* _BRIEF_: After finding the line that contains "by (rule sum_le_suminf)" in the material below, print that line and all subsequent lines exactly, up to and including the last.

* _RECORD EXTRACTS_:
text \<open>
  Substituting v = e^z u turns f_pi(y;z) into the mixture of the Poisson kernel
  v^y e^-v / y! against the rescaled density pi(v e^-z) e^-z, whose ratio to pi(v) tends
  to e^(delta z) because pi is regularly varying with index -(1 + delta).  Relative to pi,
  the kernel concentrates at infinity as y grows: on (0, M] it is at most M^y / y!,
  whereas the window (y, y + 1] alone gives the mixture against pi a mass of order
  y^y e^-y / y! up to a factor polynomial-logarithmic in y.  So only the tails of the
  densities matter, and the ratio of the mixtures inherits the limit of the ratio of
  the densities.
\<close>

section \<open>Poisson mixtures\<close>

definition poisson_kernel :: "nat \<Rightarrow> real \<Rightarrow> real" where
  "poisson_kernel y v = v ^ y / fact y * exp (- v)"

definition poisson_mixture :: "(real \<Rightarrow> real) \<Rightarrow> nat \<Rightarrow> real" where
  "poisson_mixture H y = (LBINT v:{0<..}. H v * poisson_kernel y v)"

lemma power_div_fact_le_exp:
  fixes x :: real
  assumes "x \<ge> 0"
  shows "x ^ n / fact n \<le> exp x"
proof -
  have s: "(\<lambda>n. x ^ n /\<^sub>R fact n) sums exp x"
    by (rule exp_converges)
  have "(\<Sum>i\<in>{n}. x ^ i /\<^sub>R fact i) \<le> (\<Sum>i. x ^ i /\<^sub>R fact i)"
    by (rule sum_le_suminf) (use s assms in \<open>auto simp: sums_iff\<close>)
  then show ?thesis
    using s by (simp add: sums_iff divide_inverse mult.commute)
qed

lemma poisson_kernel_nonneg: "v \<ge> 0 \<Longrightarrow> poisson_kernel y v \<ge> 0"
  by (simp add: poisson_kernel_def)

lemma poisson_kernel_le_one:
  assumes "v \<ge> 0"
  shows "poisson_kernel y v \<le> 1"
proof -
  have "poisson_kernel y v \<le> exp v * exp (- v)"
    unfolding poisson_kernel_def
    by (rule mult_right_mono) (use power_div_fact_le_exp[OF assms] in auto)
  then show ?thesis
    by (simp add: exp_minus)
qed

lemma poisson_kernel_le_power:
  assumes "0 \<le> v" "v \<le> M"
  shows "poisson_kernel y v \<le> M ^ y / fact y"
proof -
  have "poisson_kernel y v \<le> M ^ y / fact y * 1"
    unfolding poisson_kernel_def
    by (rule mult_mono) (use assms in \<open>auto intro!: divide_right_mono power_mono\<close>)
  then show ?thesis
    by simp
qed

lemma borel_measurable_poisson_kernel [measurable]: "poisson_kernel y \<in> borel_measurable borel"
  unfolding poisson_kernel_def by measurable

* _RESPONSE AREA_:
    by (rule sum_le_suminf) (use s assms in \<open>auto simp: sums_iff\<close>)
  then show ?thesis
    using s by (simp add: sums_iff divide_inverse mult.commute)
qed

lemma poisson_kernel_nonneg: "v \<ge> 0 \<Longrightarrow> poisson_kernel y v \<ge> 0"
  by (simp add: poisson_kernel_def)

lemma poisson_kernel_le_one:
  assumes "v \<ge> 0"
  shows "poisson_kernel y v \<le> 1"
proof -
  have "poisson_kernel y v \<le> exp v * exp (- v)"
    unfolding poisson_kernel_def
    by (rule mult_right_mono) (use power_div_fact_le_exp[OF assms] in auto)
  then show ?thesis
    by (simp add: exp_minus)
qed

lemma poisson_kernel_le_power:
  assumes "0 \<le> v" "v \<le> M"
  shows "poisson_kernel y v \<le> M ^ y / fact y"
proof -
  have "poisson_kernel y v \<le> M ^ y / fact y * 1"
    unfolding poisson_kernel_def
    by (rule mult_mono) (use assms in \<open>auto intro!: divide_right_mono power_mono\<close>)
  then show ?thesis
    by simp
qed

lemma borel_measurable_poisson_kernel [measurable]: "poisson_kernel y \<in> borel_measurable borel"
  unfolding poisson_kernel_def by measurable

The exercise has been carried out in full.